Collected data entries:
+-------+

(* Let $(d_1,d_2)\in\mathbb N^2$, let $(a,b)\in\mathbb N^2$ be coprime and $k\ge1$ an integer, with $b>0$ and $d_2>0$. If \[ \frac{kab+1}{kb^2}\ge\frac{d_1}{d_2}>\frac ab\qquad\text{or}\qquad\frac{ka^2}{kab+1}\le\frac{d_1}{d_2}<\frac ab, \] then $(d_1,d_2)$ and $(ka,kb)$ satisfy the one-bending property.
   Context: Rank-2 scattering diagram: $\Bbbk$ a field of characteristic $0$, $M=\mathbb Z^2$ with basis $e_1,e_2$, $N=\operatorname{Hom}(M,\mathbb Z)$; positive integers $\ell_1,\ell_2$; independent variables $p_{i,k}$ ($i=1,2$, $1\le k\le\ell_i$); $\mathcal M$ the monoid of monomials in them; $\widehat R$ the completion of $\Bbbk[\mathcal M][x^{\pm1},y^{\pm1}]$ at the ideal generated by the $p_{i,k}$; $x^{(m_1,m_2)}=x^{m_1}y^{m_2}$. Walls: rays $b-\mathbb R_{\ge0}m_0$ or lines $b-\mathbb Rm_0$ ($m_0$ primitive) with functions $1+\sum_{k\ge1}c_kx^{km_0}$, $c_k$ in that ideal; crossing with velocity $v$ acts by $x^m\mapsto x^mf^{\langle n,m\rangle}$ ($n\in N$ primitive orthogonal to the wall, $\langle n,v\rangle<0$); consistency: trivial path-ordered products around regular loops. $\mathfrak D=\operatorname{Scat}(P_1,P_2)$, $P_1=1+\sum_{k=1}^{\ell_1}p_{1,k}x^k$, $P_2=1+\sum_{k=1}^{\ell_2}p_{2,k}y^k$: the consistent diagram (unique up to equivalence) consisting of the lines $(\mathbb Re_1,P_1)$, $(\mathbb Re_2,P_2)$ and rays, chosen with rays $\mathbb R_{\le0}(a,b)$ for distinct coprime $(a,b)\in\mathbb Z_{>0}^2$. A broken line for $m_0\in M\setminus\{0\}$ with endpoint $Q$ is a continuous piecewise linear $\beta:(-\infty,0]\to\mathbb R^2$ avoiding ray endpoints and wall intersection points, with breakpoints $\tau_1<\dots<\tau_\ell<0$ and monomials $c_ix^{m_i}$ on the linear pieces, $c_0=1$, $\beta(0)=Q$, $\dot\beta=-m_i$ on the $i$-th piece, transversal crossing at breakpoints, and $c_ix^{m_i}$ a term different from $c_{i-1}x^{m_{i-1}}$ of $c_{i-1}x^{m_{i-1}}\prod_{\mathfrak d\ni\beta(\tau_i)}f_{\mathfrak d}^{\langle n,m_{i-1}\rangle}$ ($n$ primitive normal with $\langle n,m_{i-1}\rangle>0$); it bends at the $\beta(\tau_i)$, its initial exponent is $m_0$ and final exponent $m_\ell$. One-bending property: for $(d_1,d_2)\in\mathbb N^2$, coprime $(a,b)\in\mathbb N^2$ with $d_1b-d_2a\ne0$ and $k\ge1$, $(d_1,d_2)$ and $(ka,kb)$ satisfy the one-bending property if every broken line in $\mathfrak D$ with initial exponent $(-d_1,-d_2)$, final exponent $(ka-d_1,kb-d_2)$, and no bend on the positive $x$-axis or positive $y$-axis, has exactly one bend. *)

theory Defs
  imports "HOL-Analysis.Analysis"
begin

text \<open>The variables p_(i,j) are indexed by pairs (i,j) with i = 1, 1 <= j <= l1 or
  i = 2, 1 <= j <= l2.  A monomial in the p's (an element of the monoid M) is an
  exponent function alpha :: nat * nat => nat vanishing outside this index set.
  An element of the completed ring R^ (completion of k[M][x^+-1,y^+-1] at the
  ideal I generated by the p's) is represented by its coefficient function
  g alpha m = coefficient of p^alpha x^m, subject to: zero outside the admissible
  p-exponents, and for each alpha only finitely many m with nonzero coefficient.\<close>

type_synonym pexp = "nat \<times> nat \<Rightarrow> nat"
type_synonym 'k ser = "pexp \<Rightarrow> int \<times> int \<Rightarrow> 'k"

definition pidx :: "nat \<Rightarrow> nat \<Rightarrow> (nat \<times> nat) set" where
  "pidx l1 l2 = {(i, j). (i = 1 \<and> 1 \<le> j \<and> j \<le> l1) \<or> (i = 2 \<and> 1 \<le> j \<and> j \<le> l2)}"

definition pexps :: "nat \<Rightarrow> nat \<Rightarrow> pexp set" where
  "pexps l1 l2 = {\<alpha>. \<forall>q. q \<notin> pidx l1 l2 \<longrightarrow> \<alpha> q = 0}"

text \<open>total degree of a p-monomial (= its I-adic order)\<close>
definition pdeg :: "nat \<Rightarrow> nat \<Rightarrow> pexp \<Rightarrow> nat" where
  "pdeg l1 l2 \<alpha> = (\<Sum>q\<in>pidx l1 l2. \<alpha> q)"

definition pvar :: "nat \<times> nat \<Rightarrow> pexp" where
  "pvar q = (\<lambda>q'. if q' = q then 1 else 0)"

definition is_elem :: "nat \<Rightarrow> nat \<Rightarrow> 'k::zero ser \<Rightarrow> bool" where
  "is_elem l1 l2 g \<longleftrightarrow>
     (\<forall>\<alpha> m. \<alpha> \<notin> pexps l1 l2 \<longrightarrow> g \<alpha> m = 0) \<and> (\<forall>\<alpha>. finite {m. g \<alpha> m \<noteq> 0})"

definition ser_one :: "'k::{zero,one} ser" where
  "ser_one \<alpha> m = (if \<alpha> = (\<lambda>_. 0) \<and> m = (0, 0) then 1 else 0)"

definition ser_sub :: "'k::ab_group_add ser \<Rightarrow> 'k ser \<Rightarrow> 'k ser" where
  "ser_sub g h \<alpha> m = g \<alpha> m - h \<alpha> m"

definition vsub :: "int \<times> int \<Rightarrow> int \<times> int \<Rightarrow> int \<times> int" where
  "vsub m m' = (fst m - fst m', snd m - snd m')"

definition pairing :: "int \<times> int \<Rightarrow> int \<times> int \<Rightarrow> int" where
  "pairing n m = fst n * fst m + snd n * snd m"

+-------+

### What you should do:
Quote all the records. Keep every word exact.

### Output:
(* Let $(d_1,d_2)\in\mathbb N^2$, let $(a,b)\in\mathbb N^2$ be coprime and $k\ge1$ an integer, with $b>0$ and $d_2>0$. If \[ \frac{kab+1}{kb^2}\ge\frac{d_1}{d_2}>\frac ab\qquad\text{or}\qquad\frac{ka^2}{kab+1}\le\frac{d_1}{d_2}<\frac ab, \] then $(d_1,d_2)$ and $(ka,kb)$ satisfy the one-bending property.
   Context: Rank-2 scattering diagram: $\Bbbk$ a field of characteristic $0$, $M=\mathbb Z^2$ with basis $e_1,e_2$, $N=\operatorname{Hom}(M,\mathbb Z)$; positive integers $\ell_1,\ell_2$; independent variables $p_{i,k}$ ($i=1,2$, $1\le k\le\ell_i$); $\mathcal M$ the monoid of monomials in them; $\widehat R$ the completion of $\Bbbk[\mathcal M][x^{\pm1},y^{\pm1}]$ at the ideal generated by the $p_{i,k}$; $x^{(m_1,m_2)}=x^{m_1}y^{m_2}$. Walls: rays $b-\mathbb R_{\ge0}m_0$ or lines $b-\mathbb Rm_0$ ($m_0$ primitive) with functions $1+\sum_{k\ge1}c_kx^{km_0}$, $c_k$ in that ideal; crossing with velocity $v$ acts by $x^m\mapsto x^mf^{\langle n,m\rangle}$ ($n\in N$ primitive orthogonal to the wall, $\langle n,v\rangle<0$); consistency: trivial path-ordered products around regular loops. $\mathfrak D=\operatorname{Scat}(P_1,P_2)$, $P_1=1+\sum_{k=1}^{\ell_1}p_{1,k}x^k$, $P_2=1+\sum_{k=1}^{\ell_2}p_{2,k}y^k$: the consistent diagram (unique up to equivalence) consisting of the lines $(\mathbb Re_1,P_1)$, $(\mathbb Re_2,P_2)$ and rays, chosen with rays $\mathbb R_{\le0}(a,b)$ for distinct coprime $(a,b)\in\mathbb Z_{>0}^2$. A broken line for $m_0\in M\setminus\{0\}$ with endpoint $Q$ is a continuous piecewise linear $\beta:(-\infty,0]\to\mathbb R^2$ avoiding ray endpoints and wall intersection points, with breakpoints $\tau_1<\dots<\tau_\ell<0$ and monomials $c_ix^{m_i}$ on the linear pieces, $c_0=1$, $\beta(0)=Q$, $\dot\beta=-m_i$ on the $i$-th piece, transversal crossing at breakpoints, and $c_ix^{m_i}$ a term different from $c_{i-1}x^{m_{i-1}}$ of $c_{i-1}x^{m_{i-1}}\prod_{\mathfrak d\ni\beta(\tau_i)}f_{\mathfrak d}^{\langle n,m_{i-1}\rangle}$ ($n$ primitive normal with $\langle n,m_{i-1}\rangle>0$); it bends at the $\beta(\tau_i)$, its initial exponent is $m_0$ and final exponent $m_\ell$. One-bending property: for $(d_1,d_2)\in\mathbb N^2$, coprime $(a,b)\in\mathbb N^2$ with $d_1b-d_2a\ne0$ and $k\ge1$, $(d_1,d_2)$ and $(ka,kb)$ satisfy the one-bending property if every broken line in $\mathfrak D$ with initial exponent $(-d_1,-d_2)$, final exponent $(ka-d_1,kb-d_2)$, and no bend on the positive $x$-axis or positive $y$-axis, has exactly one bend. *)

theory Defs
  imports "HOL-Analysis.Analysis"
begin

text \<open>The variables p_(i,j) are indexed by pairs (i,j) with i = 1, 1 <= j <= l1 or
  i = 2, 1 <= j <= l2.  A monomial in the p's (an element of the monoid M) is an
  exponent function alpha :: nat * nat => nat vanishing outside this index set.
  An element of the completed ring R^ (completion of k[M][x^+-1,y^+-1] at the
  ideal I generated by the p's) is represented by its coefficient function
  g alpha m = coefficient of p^alpha x^m, subject to: zero outside the admissible
  p-exponents, and for each alpha only finitely many m with nonzero coefficient.\<close>

type_synonym pexp = "nat \<times> nat \<Rightarrow> nat"
type_synonym 'k ser = "pexp \<Rightarrow> int \<times> int \<Rightarrow> 'k"

definition pidx :: "nat \<Rightarrow> nat \<Rightarrow> (nat \<times> nat) set" where
  "pidx l1 l2 = {(i, j). (i = 1 \<and> 1 \<le> j \<and> j \<le> l1) \<or> (i = 2 \<and> 1 \<le> j \<and> j \<le> l2)}"

definition pexps :: "nat \<Rightarrow> nat \<Rightarrow> pexp set" where
  "pexps l1 l2 = {\<alpha>. \<forall>q. q \<notin> pidx l1 l2 \<longrightarrow> \<alpha> q = 0}"

text \<open>total degree of a p-monomial (= its I-adic order)\<close>
definition pdeg :: "nat \<Rightarrow> nat \<Rightarrow> pexp \<Rightarrow> nat" where
  "pdeg l1 l2 \<alpha> = (\<Sum>q\<in>pidx l1 l2. \<alpha> q)"

definition pvar :: "nat \<times> nat \<Rightarrow> pexp" where
  "pvar q = (\<lambda>q'. if q' = q then 1 else 0)"

definition is_elem :: "nat \<Rightarrow> nat \<Rightarrow> 'k::zero ser \<Rightarrow> bool" where
  "is_elem l1 l2 g \<longleftrightarrow>
     (\<forall>\<alpha> m. \<alpha> \<notin> pexps l1 l2 \<longrightarrow> g \<alpha> m = 0) \<and> (\<forall>\<alpha>. finite {m. g \<alpha> m \<noteq> 0})"

definition ser_one :: "'k::{zero,one} ser" where
  "ser_one \<alpha> m = (if \<alpha> = (\<lambda>_. 0) \<and> m = (0, 0) then 1 else 0)"

definition ser_sub :: "'k::ab_group_add ser \<Rightarrow> 'k ser \<Rightarrow> 'k ser" where
  "ser_sub g h \<alpha> m = g \<alpha> m - h \<alpha> m"

definition vsub :: "int \<times> int \<Rightarrow> int \<times> int \<Rightarrow> int \<times> int" where
  "vsub m m' = (fst m - fst m', snd m - snd m')"

definition pairing :: "int \<times> int \<Rightarrow> int \<times> int \<Rightarrow> int" where
  "pairing n m = fst n * fst m + snd n * snd m"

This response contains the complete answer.